If you absolutely want some static global state, you can use once_cell in conjunction with a Mutex (see the example below).
However, I don't understand your remark « which is clearly not optimal » about passing the state as a parameter; do you mean inelegant or inefficient?
Moreover, you state « performance is critical »; in my opinion, this static global state requiring runtime borrow checking at each access is less efficient than the usual static borrow checking.
use once_cell::sync::OnceCell;
use std::sync::{Mutex, MutexGuard};
#[derive(Debug)]
struct AppState {
running: bool,
suspended: bool,
}
static APP_STATE: OnceCell<Mutex<AppState>> = OnceCell::new();
fn access_app_state() -> MutexGuard<'static, AppState> {
APP_STATE.get().unwrap().lock().unwrap()
}
fn confirm_app_state_valid() {
let app_state = access_app_state();
if app_state.running == app_state.suspended {
panic!("Fatal! App was both running and suspended at same time...");
}
println!("App state is correct: {:?}", app_state);
}
fn change_app_state() {
let mut app_state = access_app_state();
app_state.running = !app_state.running;
app_state.suspended = !app_state.suspended;
}
fn main() {
APP_STATE
.set(Mutex::new(AppState {
running: true,
suspended: false,
}))
.unwrap();
confirm_app_state_valid();
change_app_state();
confirm_app_state_valid();
}
/*
App state is correct: AppState { running: true, suspended: false }
App state is correct: AppState { running: false, suspended: true }
*/
As stated by Chayim Friedman in a comment, since Rust 1.63 Mutex::new() is const.
We can get rid of once_cell and just initialise the global mutex with a content which is known at compile-time.
use std::sync::{Mutex, MutexGuard};
#[derive(Debug)]
struct AppState {
running: bool,
suspended: bool,
}
static APP_STATE: Mutex<AppState> = Mutex::new(AppState {
running: true,
suspended: false,
});
fn access_app_state() -> MutexGuard<'static, AppState> {
APP_STATE.lock().unwrap()
}
fn confirm_app_state_valid() {
let app_state = access_app_state();
if app_state.running == app_state.suspended {
panic!("Fatal!
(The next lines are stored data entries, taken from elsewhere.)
(* Fix a base $\beta\ge2$, let $0<C<1$, and suppose the mantissa length $t$ satisfies $$t\ \ge\ 1+\log_\beta\!\Big[\frac{(1+C)(4+5C)}{C}\sum_{m=1}^{n-1}\sum_{\ell=1}^{n-m}g\big[\mathbf{CP}_\ell(\mathbb{R})\big]\,g\big[\mathbf{CP}_m(\mathbb{R})\big]\Big].$$ Then $G\big[\widehat{\mathbf{CP}}_n(\mathbb{R})\big]\le(1+C)\,g\big[\mathbf{CP}_n(\mathbb{R})\big]$.
   Context: Exact Gaussian elimination without pivoting on $A=(a_{i,j})$: $a^{(1)}_{i,j}=a_{i,j}$, $a^{(k+1)}_{i,j}=a^{(k)}_{i,j}-a^{(k)}_{i,k}a^{(k)}_{k,j}/a^{(k)}_{k,k}$ for $k+1\le i,j\le n$; $g(A)=\max_{i,j,k}|a^{(k)}_{i,j}|/\max_{i,j}|a_{i,j}|$; $\mathbf{CP}_n(\mathbb{R})$ is the set of invertible real $n\times n$ matrices for which this is defined and $|a^{(k)}_{i,j}|\le|a^{(k)}_{k,k}|$ for all $k$, $i,j\ge k$; $g[\mathbf{X}]=\sup_{A\in\mathbf{X}}g(A)$. Floating-point model with base $\beta$, mantissa length $t$, unit roundoff $u=\beta^{1-t}/2$ (overflow/underflow ignored): a floating-point elimination run on a real $n\times n$ matrix $A$ is an array $\hat a^{(k)}_{i,j}$ with $\hat a^{(1)}_{i,j}=a_{i,j}(1+\phi^{(0)}_{i,j})$, $\hat a^{(k+1)}_{i,j}=\big[\hat a^{(k)}_{i,j}-s_{i,k}\hat a^{(k)}_{k,j}(1+\theta^{(k)}_{i,j})\big](1+\phi^{(k)}_{i,j})$ for $k+1\le i,j\le n$, where $s_{i,k}=\frac{\hat a^{(k)}_{i,k}}{\hat a^{(k)}_{k,k}}(1+\varphi_{i,k})$, for some parameters with $|\theta^{(k)}_{i,j}|,|\phi^{(k)}_{i,j}|,|\varphi_{i,k}|\le u$, and with $|s_{i,k}|\le 1$, $|s_{i,k}(1+\theta^{(k)}_{i,j})|\le1$. $\widehat{\mathbf{CP}}_n(\mathbb{R})$ consists of (invertible real $A$, run) pairs with all $\hat a^{(k)}_{k,k}\ne0$ and $|\hat a^{(k)}_{i,j}|\le|\hat a^{(k)}_{k,k}|$ for all $k$ and $i,j\ge k$. The floating-point growth factor is $G(A)=\max_{i,j,k}|\hat a^{(k)}_{i,j}|/\max_{i,j}|\hat a^{(1)}_{i,j}|$ and $G[\widehat{\mathbf{CP}}_n(\mathbb{R})]$ is its supremum over $\widehat{\mathbf{CP}}_n(\mathbb{R})$. *)

theory Defs
  imports Complex_Main "HOL-Library.Extended_Real"
begin

text \<open>Real n x n matrices are functions nat => nat => real, entries indexed by 1..n
  (values outside this range are irrelevant).\<close>

definition mat_invertible :: "nat \<Rightarrow> (nat \<Rightarrow> nat \<Rightarrow> real) \<Rightarrow> bool" where
  "mat_invertible n A \<longleftrightarrow> (\<exists>B :: nat \<Rightarrow> nat \<Rightarrow> real.
     (\<forall>i\<in>{1..n}. \<forall>j\<in>{1..n}. (\<Sum>l=1..n. A i l * B l j) = (if i = j then 1 else 0)) \<and>
     (\<forall>i\<in>{1..n}. \<forall>j\<in>{1..n}. (\<Sum>l=1..n. B i l * A l j) = (if i = j then 1 else 0)))"

text \<open>Exact Gaussian elimination: ge A k i j = a^(k)_{i,j} (for k >= 1).\<close>
fun ge :: "(nat \<Rightarrow> nat \<Rightarrow> real) \<Rightarrow> nat \<Rightarrow> nat \<Rightarrow> nat \<Rightarrow> real" where
  "ge A 0 i j = A i j"
| "ge A (Suc k) i j =
     (if k = 0 then A i j
      else ge A k i j - ge A k i k * ge A k k j / ge A k k k)"

definition max_entry :: "nat \<Rightarrow> (nat \<Rightarrow> nat \<Rightarrow> real) \<Rightarrow> real" where
  "max_entry n A = Max {\<bar>A i j\<bar> | i j. i \<in> {1..n} \<and> j \<in> {1..n}}"

definition max_stage_entry :: "nat \<Rightarrow> (nat \<Rightarrow> nat \<Rightarrow> nat \<Rightarrow> real) \<Rightarrow> real" where
  "max_stage_entry n a = Max {\<bar>a k i j\<bar> | k i j. 1 \<le> k \<and> k \<le> i \<and> k \<le> j \<and> i \<le> n \<and> j \<le> n}"

definition growth :: "nat \<Rightarrow> (nat \<Rightarrow> nat \<Rightarrow> real) \<Rightarrow> real" where
  "growth n A = max_stage_entry n (ge A) / max_entry n A"

definition CP :: "nat \<Rightarrow> (nat \<Rightarrow> nat \<Rightarrow> real) set" where
  "CP n = {A. mat_invertible n A \<and>
      (\<forall>k\<in>{1..<n}. ge A k k k \<noteq> 0) \<and>
      (\<forall>k\<in>{1..n}. \<forall>i\<in>{k..n}. \<forall>j\<in>{k..n}. \<bar>ge A k i j\<bar> \<le> \<bar>ge A k k k\<bar>)}"

definition gCP :: "nat \<Rightarrow> ereal" where
  "gCP n = (SUP A\<in>CP n. ereal (growth n A))"

definition unit_roundoff :: "nat \<Rightarrow> nat \<Rightarrow> real" where
  "unit_roundoff \<beta> t = real \<beta> powr (1 - real t) / 2"

text \<open>ah is a floating-point elimination run on A (ah k i j = hat a^(k)_{i,j}).\<close>
definition fp_run :: "nat \<Rightarrow> nat \<Rightarrow> nat \<Rightarrow> (nat \<Rightarrow> nat \<Rightarrow> real)
      \<Rightarrow> (nat \<Rightarrow> nat \<Rightarrow> nat \<Rightarrow> real) \<Rightarrow> bool" where
  "fp_run \<beta> t n A ah \<longleftrightarrow>
    (\<exists>(\<theta>::nat \<Rightarrow> nat \<Rightarrow> nat \<Rightarrow> real) (\<phi>::nat \<Rightarrow> nat \<Rightarrow> nat \<Rightarrow> real) (\<vv>::nat \<Rightarrow> nat \<Rightarrow> real).
      (\<forall>k i j. \<bar>\<theta> k i j\<bar> \<le> unit_roundoff \<beta> t \<and> \<bar>\<phi> k i j\<bar> \<le> unit_roundoff \<beta> t) \<and>
      (\<forall>i k. \<bar>\<vv> i k\<bar> \<le> unit_roundoff \<beta> t) \<and>
      (\<forall>i\<in>{1..n}. \<forall>j\<in>{1..n}. ah 1 i j = A i j * (1 + \<phi> 0 i j)) \<and>
      (\<forall>k\<ge>1. \<forall>i\<in>{k+1..n}. \<forall>j\<in>{k+1..n}.
         (let s = ah k i k / ah k k k * (1 + \<vv> i k) in
           ah (k+1) i j = (ah k i j - s * ah k k j * (1 + \<theta> k i j)) * (1 + \<phi> k i j) \<and>
           \<bar>s\<bar> \<le> 1 \<and> \<bar>s * (1 + \<theta> k i j)\<bar> \<le> 1)))"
App was both running and suspended at same time...");
}
println!("App state is correct: {:?}", app_state);
}
fn change_app_state() {
let mut app_state = access_app_state();
app_state.running = !app_state.running;
app_state.suspended = !app_state.suspended;
}
fn main() {
confirm_app_state_valid();
change_app_state();
confirm_app_state_valid();
}
/*
App state is correct: AppState { running: true, suspended: false }
App state is correct: AppState { running: false, suspended: true }
*/

Related

Rust: joining thread fails with: cannot move out of dereference of `std::sync::MutexGuard<'_, models::worker::Worker>`

I am having a hard time figuring out how to sort out this issue.
So I have a class ArcWorker holding a shared reference to Worker (as you can remark below).
I wrote a function in ArcWorker called join() in which the line self.internal.lock().unwrap().join(); fails with the following error:
cannot move out of dereference of std::sync::MutexGuard<'_, models::worker::Worker>
What I attempt through that line is to lock the mutex, unwrap and call the join() function from the Worker class.
As far as I understand, once that the lock function is called and it borrows a reference to self (&self), then I need some way to get to pass self by value to join (std::thread's join function requires passing self by value).
What can I do to make this work? Tried to find an answer to my question for hours but to no avail.
pub struct Worker {
accounts: Vec<Arc<Mutex<Account>>>,
thread_join_handle: Option<thread::JoinHandle<()>>
}
pub struct ArcWorker {
internal: Arc<Mutex<Worker>>
}
impl ArcWorker {
pub fn new(accounts: Vec<Arc<Mutex<Account>>>) -> ArcWorker {
return ArcWorker {
internal: Arc::new(Mutex::new(Worker {
accounts: accounts,
thread_join_handle: None
}))
}
}
pub fn spawn(&self) {
let local_self_1 = self.internal.clone();
self.internal.lock().unwrap().thread_join_handle = Some(thread::spawn(move || {
println!("Spawn worker");
local_self_1.lock().unwrap().perform_random_transactions();
}));
}
pub fn join(&self) {
self.internal.lock().unwrap().join();
}
}
impl Worker {
fn join(self) {
if let Some(thread_join_handle) = self.thread_join_handle {
thread_join_handle.join().expect("Couldn't join the associated threads.")
}
}
fn perform_random_transactions(&self) {
}
}
Since you already hold JoinHandle in an option, you can make Worker::join() take &mut self instead of self and change the if let condition to:
// note added `.take()`
if let Some(thread_join_handle) = self.thread_join_handle.take() {
Option::take() will move the handle out of the option and give you ownership over it, while leaving None in self.thread_join_handle. With this change ArcWorker::join() should compile as-is.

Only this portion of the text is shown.